Ağrı’nın merkeze bağlı 100. Yıl Mahallesinde yaşayan kadınlar kış sofralarının vazgeçilmez lezzetlerinden olan ve binbir zahmetle hazırlanan erişteler için hazırlıklara başladı. Asırlık gelenekler arasında olan ve lezzetiyle kış sofralarını süsleyen erişte kesimi için her gün birinin evinde toplanan kadınlar, bahçelerde kurdukları bir alanda bir yandan erişte hamuru yoğururken bir yandan da kestikleri erişleri metrelerce uzunluktaki iplere dizerek kurutuyor. Kurutma işleminin ardından toplanan erişteler, tandır ateşinde kavrulduktan sonra paketlenip kışlık yemek yapımına hazır hale getiriliyor. Saatlerce süren zahmetli ve yorucu işlemlerin ardından masalardan kalkan kadınlar, koyu bir sohbet ve semaver çayı eşliğinde günü noktalıyor.
“Çok yorucu bir iş ama gerçekten çok lezzetli”

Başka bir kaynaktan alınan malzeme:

(* Let $\mathcal{E}$ be a metric space and $\lambda,\kappa,\mu\colon\mathcal{E}\to[0,\infty)$ continuous, and let $t\ge0$. Then the map $\phi_t\colon D([0,\infty);\mathcal{E})\to[0,\infty)$, $$\phi_t(f)=\int_0^t\lambda(f(s))\,e^{-\kappa(f(s))\int_s^t\mu(f(r))\,dr}\,ds,$$ is continuous, where $D([0,\infty);\mathcal{E})$ carries the Skorokhod $J_1$ topology.
   Context: $D([0,\infty);\mathcal{E})$ is the space of càdlàg functions $[0,\infty)\to\mathcal{E}$, equipped with the Skorokhod $J_1$ topology (e.g. induced by the metric $d^\circ(f,g)=\inf_{\lambda\in\Lambda}[\gamma(\lambda)\vee\int_0^\infty e^{-u}\sup_{t\ge0}(1\wedge\rho(f(t\wedge u),g(\lambda(t)\wedge u)))\,du]$, where $\Lambda$ is the set of increasing homeomorphisms of $[0,\infty)$, $\gamma(\lambda)=\sup_{t>s\ge0}|\log(\lambda(t)-\lambda(s))-\log(t-s)|$, and $\rho$ the metric on $\mathcal{E}$). *)

theory Defs
  imports "HOL-Analysis.Analysis"
begin

text \<open>Cadlag functions on [0,\<infinity>) (values at negative times are irrelevant).\<close>
definition cadlag :: "(real \<Rightarrow> 'a::metric_space) \<Rightarrow> bool" where
  "cadlag f \<longleftrightarrow> (\<forall>t\<ge>0. (f \<longlongrightarrow> f t) (at_right t) \<and> (t > 0 \<longrightarrow> (\<exists>l. (f \<longlongrightarrow> l) (at_left t))))"

definition Skorokhod_D :: "(real \<Rightarrow> 'a::metric_space) set" where
  "Skorokhod_D = {f. cadlag f}"

definition Lambda_set :: "(real \<Rightarrow> real) set" where
  "Lambda_set = {l. mono_on {0..} l \<and> (\<exists>l'. homeomorphism {0..} {0..} l l')}"

definition gamma_sk :: "(real \<Rightarrow> real) \<Rightarrow> ereal" where
  "gamma_sk l = (SUP st\<in>{(s,t). 0 \<le> s \<and> s < t}.
      ereal \<bar>ln (l (snd st) - l (fst st)) - ln (snd st - fst st)\<bar>)"

definition sk_integrand :: "(real \<Rightarrow> 'a::metric_space) \<Rightarrow> (real \<Rightarrow> 'a) \<Rightarrow> (real \<Rightarrow> real) \<Rightarrow> real \<Rightarrow> real" where
  "sk_integrand f g l u = (SUP t\<in>{0..}. min 1 (dist (f (min t u)) (g (min (l t) u))))"

definition skorokhod_dist :: "(real \<Rightarrow> 'a::metric_space) \<Rightarrow> (real \<Rightarrow> 'a) \<Rightarrow> ereal" where
  "skorokhod_dist f g = (INF l\<in>Lambda_set.
      max (gamma_sk l)
          (enn2ereal (\<integral>\<^sup>+ u. indicator {0..} u * ennreal (exp (- u) * sk_integrand f g l u) \<partial>lborel)))"

definition phi_t :: "('a \<Rightarrow> real) \<Rightarrow> ('a \<Rightarrow> real) \<Rightarrow> ('a \<Rightarrow> real) \<Rightarrow> real \<Rightarrow> (real \<Rightarrow> 'a) \<Rightarrow> real" where
  "phi_t lam kap mu t f = (LBINT s:{0..t}. lam (f s) * exp (- kap (f s) * (LBINT r:{s..t}. mu (f r))))"

end

theory Submission
  imports Defs
begin

text \<open>If \<open>g\<close> is Skorokhod-close to \<open>f\<close>, a time change with slope close to \<open>1\<close> matches them, so
  every value \<open>g s\<close>, \<open>s \<in> [0, t]\<close>, is close to a value \<open>f w\<close> with \<open>w\<close> close to \<open>s\<close>. Along a
  sequence \<open>g\<^sub>n \<rightarrow> f\<close> this gives \<open>g\<^sub>n s \<rightarrow> f s\<close> at every continuity point of \<open>f\<close>, i.e. off the
  countably many jumps of the cadlag path \<open>f\<close>, and it keeps \<open>g\<^sub>n\<close> inside a neighbourhood of the
  relatively compact set \<open>f [0, 2t + 1]\<close> on which \<open>\<lambda>\<close> and \<open>\<mu>\<close> are bounded. Dominated
  convergence, first for the inner integral of \<open>\<mu>\<close> and then for the outer one (whose integrand
  is bounded by \<open>\<lambda>\<close> because \<open>\<kappa>, \<mu> \<ge> 0\<close>), yields \<open>\<phi>\<^sub>t g\<^sub>n \<rightarrow> \<phi>\<^sub>t f\<close>.\<close>

section \<open>Jumps of cadlag paths\<close>

definition jumps :: "(real \<Rightarrow> 'a::metric_space) \<Rightarrow> real set" where
  "jumps f = {s. 0 < s \<and> \<not> (f \<longlongrightarrow> f s) (at_left s)}"

definition big_jumps :: "(real \<Rightarrow> 'a::metric_space) \<Rightarrow> real \<Rightarrow> real set" where
  "big_jumps f e = {s. 0 < s \<and> (\<forall>l. (f \<longlongrightarrow> l) (at_left s) \<longrightarrow> e \<le> dist l (f s))}"

lemma cadlag_left_limit:
  assumes "cadlag f" "s > 0"
  obtains l where "(f \<longlongrightarrow> l) (at_left s)"
  using assms unfolding cadlag_def by (meson less_eq_real_def)

lemma cadlag_tendsto_within_nonneg:
  assumes "cadlag f" "s \<ge> 0" "s \<notin> jumps f"
  shows "(f \<longlongrightarrow> f s) (at s within {0..})"
proof (cases "s = 0")
  case True
  then show ?thesis using assms(1) unfolding cadlag_def by (simp add: at_within_Ici_at_right)
next
  case False
  then have "(f \<longlongrightarrow> f s) (at_left s)" "(f \<longlongrightarrow> f s) (at_right s)"
    using assms unfolding jumps_def cadlag_def by auto
  then have "(f \<longlongrightarrow> f s) (at s)" by (rule filterlim_split_at)
  then show ?thesis by (rule tendsto_within_subset) simp
qed

lemma left_limit_dist_less:
  fixes f :: "real \<Rightarrow> 'a::metric_space"
  assumes near: "\<forall>x\<in>{a<..<b}. dist (f x) c < e/2" and s: "s \<in> {a<..<b}"
    and l: "(f \<longlongrightarrow> l) (at_left s)"
  shows "dist l (f s) < e"
proof -
  have "eventually (\<lambda>x. x \<in> {a<..<s}) (at_left s)"
    using s eventually_at_left_real[of a s] by auto
  then have "eventually (\<lambda>x. dist (f x) c \<le> e/2) (at_left s)"
    by eventually_elim (use near s in \<open>auto intro: less_imp_le\<close>)
  with tendsto_dist[OF l tendsto_const] have "dist l c \<le> e/2"
    by (intro tendsto_upperbound) (auto simp: trivial_limit_at_left_real)
  moreover have "dist (f s) c < e/2" using near s by auto
  ultimately show ?thesis by (metis dist_triangle2 le_less_trans add_le_less_mono field_sum_of_halves)
qed

text \<open>Right-continuity at \<open>y\<close> and the left limit at \<open>y\<close> keep \<open>f\<close> within \<open>e/2\<close> of a constant
  on each side of \<open>y\<close>, which rules out jumps of size \<open>e\<close> there.\<close>
lemma big_jumps_isolated:
  fixes f :: "real \<Rightarrow> 'a::metric_space"
  assumes f: "cadlag f" and e: "e > 0" and y: "y \<ge> 0"
  obtains \<rho> where "\<rho> > 0" "\<And>s. s \<in> big_jumps f e \<Longrightarrow> \<bar>s - y\<bar> < \<rho> \<Longrightarrow> s = y"
proof -
  have no_jump: False if "s \<in> big_jumps f e" "s \<in> {a<..<b}" "\<forall>x\<in>{a<..<b}. dist (f x) c < e/2"
    for s a b c
  proof -
    have "s > 0" using that(1) by (simp add: big_jumps_def)
    then obtain l where l: "(f \<longlongrightarrow> l) (at_left s)" by (rule cadlag_left_limit[OF f])
    then have "dist l (f s) < e" using left_limit_dist_less that(2,3) by blast
    then show False using that(1) l by (auto simp: big_jumps_def)
  qed
  have "(f \<longlongrightarrow> f y) (at_right y)" using f y unfolding cadlag_def by auto
  then have "eventually (\<lambda>x. dist (f x) (f y) < e/2) (at_right y)"
    using tendstoD e half_gt_zero by blast
  then obtain b1 where b1: "b1 > y" "\<forall>x\<in>{y<..<b1}. dist (f x) (f y) < e/2"
    by (auto simp: eventually_at_right[of y "y+1"])
  obtain b0 where b0: "b0 < y" "\<And>s. s \<in> big_jumps f e \<Longrightarrow> s \<in> {b0<..<y} \<Longrightarrow> False"
  proof (cases "y = 0")
    case True
    then show ?thesis by (intro that[of "-1"]) (auto simp: big_jumps_def)
  next
    case False
    with y have "y > 0" by simp
    then obtain L where "(f \<longlongrightarrow> L) (at_left y)" by (rule cadlag_left_limit[OF f])
    then have "eventually (\<lambda>x. dist (f x) L < e/2) (at_left y)"
      using tendstoD e half_gt_zero by blast
    then obtain b0 where b0: "b0 < y" "\<forall>x\<in>{b0<..<y}. dist (f x) L < e/2"
      by (auto simp: eventually_at_left[of "y - 1" y])
    show ?thesis
    proof (rule that[of b0])
      fix s assume "s \<in> big_jumps f e" "s \<in> {b0<..<y}"
      then show False using no_jump[of s b0 y L] b0(2) by blast
    qed (rule b0(1))
  qed
  show ?thesis
  proof (rule that[of "min (b1 - y) (y - b0)"])
    fix s assume s: "s \<in> big_jumps f e" "\<bar>s - y\<bar> < min (b1 - y) (y - b0)"
    show "s = y"
    proof (rule ccontr)
      assume "s \<noteq> y"
      then consider "s \<in> {b0<..<y}" | "s \<in> {y<..<b1}" using s(2) by fastforce
      then show False
        using no_jump[of s y b1 "f y"] b0(2)[OF s(1)] s(1) b1(2) by cases blast+
    qed
  qed (use b0 b1 in simp)
qed

lemma finite_big_jumps_le:
  fixes f :: "real \<Rightarrow> 'a::metric_space"
  assumes f: "cadlag f" and e: "e > 0"
  shows "finite (big_jumps f e \<inter> {..m})"
proof (rule ccontr)
  assume "infinite (big_jumps f e \<inter> {..m})"
  moreover have "big_jumps f e \<inter> {..m} \<subseteq> {0..m}" by (auto simp: big_jumps_def)
  ultimately obtain y where y: "y \<in> {0..m}" "y islimpt (big_jumps f e \<inter> {..m})"
    using Heine_Borel_imp_Bolzano_Weierstrass[OF compact_Icc] by blast
  obtain \<rho> where "\<rho> > 0" "\<And>s. s \<in> big_jumps f e \<Longrightarrow> \<bar>s - y\<bar> < \<rho> \<Longrightarrow> s = y"
    using big_jumps_isolated[OF f e, of y] y(1) by auto
  moreover obtain s where "s \<in> big_jumps f e" "s \<noteq> y" "\<bar>s - y\<bar> < \<rho>"
    using y(2) \<open>\<rho> > 0\<close> unfolding islimpt_approachable_real by blast
  ultimately show False by blast
qed

lemma countable_jumps:
  fixes f :: "real \<Rightarrow> 'a::metric_space"
  assumes f: "cadlag f"
  shows "countable (jumps f)"
proof -
  have "jumps f \<subseteq> (\<Union>m::nat. \<Union>k::nat. big_jumps f (1 / Suc k) \<inter> {..real m})"
  proof
    fix s assume s: "s \<in> jumps f"
    then have s0: "s > 0" by (auto simp: jumps_def)
    obtain l where l: "(f \<longlongrightarrow> l) (at_left s)" using cadlag_left_limit[OF f s0] .
    then have "dist l (f s) > 0" using s by (auto simp: jumps_def)
    then obtain k where k: "inverse (real (Suc k)) < dist l (f s)" using reals_Archimedean by blast
    obtain m :: nat where m: "s \<le> real m" using real_arch_simple by blast
    have "l' = l" if "(f \<longlongrightarrow> l') (at_left s)" for l'
      using tendsto_unique[OF _ that l] by (simp add: trivial_limit_at_left_real)
    then have "s \<in> big_jumps f (1 / Suc k) \<inter> {..real m}"
      using s0 k m by (auto simp: big_jumps_def inverse_eq_divide)
    then show "s \<in> (\<Union>m::nat. \<Union>k::nat. big_jumps f (1 / Suc k) \<inter> {..real m})" by blast
  qed
  moreover have "countable (big_jumps f (1 / Suc k) \<inter> {..real m})" for k m
    by (intro countable_finite finite_big_jumps_le[OF f]) simp
  then have "countable (\<Union>m::nat. \<Union>k::nat. big_jumps f (1 / Suc k) \<inter> {..real m})" by blast
  ultimately show ?thesis by (rule countable_subset)
qed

Kışlık erişte hazırlığının göründüğü kadar kolay olmadığını söyleyen kadınlardan Türkan Doğan, kışın makarna yerine erişte tükettiklerini ve çok lezzetli olduğunu belirterek, “ Bu bizim kışlık yiyeceğimiz, yöresel eriştemiz. Sabah kalkıp hamurumuzu yaptık. Yaklaşık 3 saat kadar torbaya koyup ayaklarımızla çiğnedik. Kıvamı tam olunca getirip küçük bezeler halinde makinayla açtık. Daha sonra kesip kurutmaya bıraktık. Kuruduktan sonra hepsini kavuracağız. Kışın makarna yerine bunu yapıyoruz. Çok güzel ve lezzetli oluyor. Önce suda pişirip sonra sosunu ekleyip hazırlıyoruz. Göründüğü gibi değil çok zahmetli bir iş. Komşularla birlikte yardımlaşarak yapıyoruz. Hepsinin payını veriyoruz. Çok yorucu bir iş ama gerçekten çok lezzetli. Eskiden hamuru yoğurup bıçakla tek tek kesiyorlardı. Ama şimdi makina yardımıyla yapıyoruz.” ifadelerine yer verdi.
“Eski gelenekleri sürdürmek güzel”
Annesinin evine erişte hazırlığı için gelen Öznur Acar ise, gelenek haline gelen bu işlemi yapmaktan keyif aldığını ve erişte makinalarının çıkmasıyla birlikte işlerinin biraz daha kolaylaştığını vurgulayarak, “Her sene bu vakitlerde erişte kesiyoruz. Bütün mahalle toplandık. Bugün bize yapacağız yarın tekrar bir araya gelip diğer komşulara yapacağız. Bu tür geleneksel yemekler kışın çok güzel gidiyor. Babaannem bize öğretmişti zamanında. Maya ve tuz ile hamurumuzu yapıyoruz. Biraz sert olması lazım. Bir çuvala koyuyoruz ayaklarla eziyoruz iyice. Daha sonra bıçaklarla kesip beze yapıyoruz. Ardından bezeleri açıp erişte makinasına koyuyoruz. Organik oluyor. Eskiden elle kesilirdi ama makinalar çıktı. İşimizi biraz daha kolaylaştırdı. Çok güzel bir aradayız, beraber yapıyoruz. Kışın da beraber yiyoruz. Eski gelenekleri sürdürmek güzel.” şeklinde konuştu.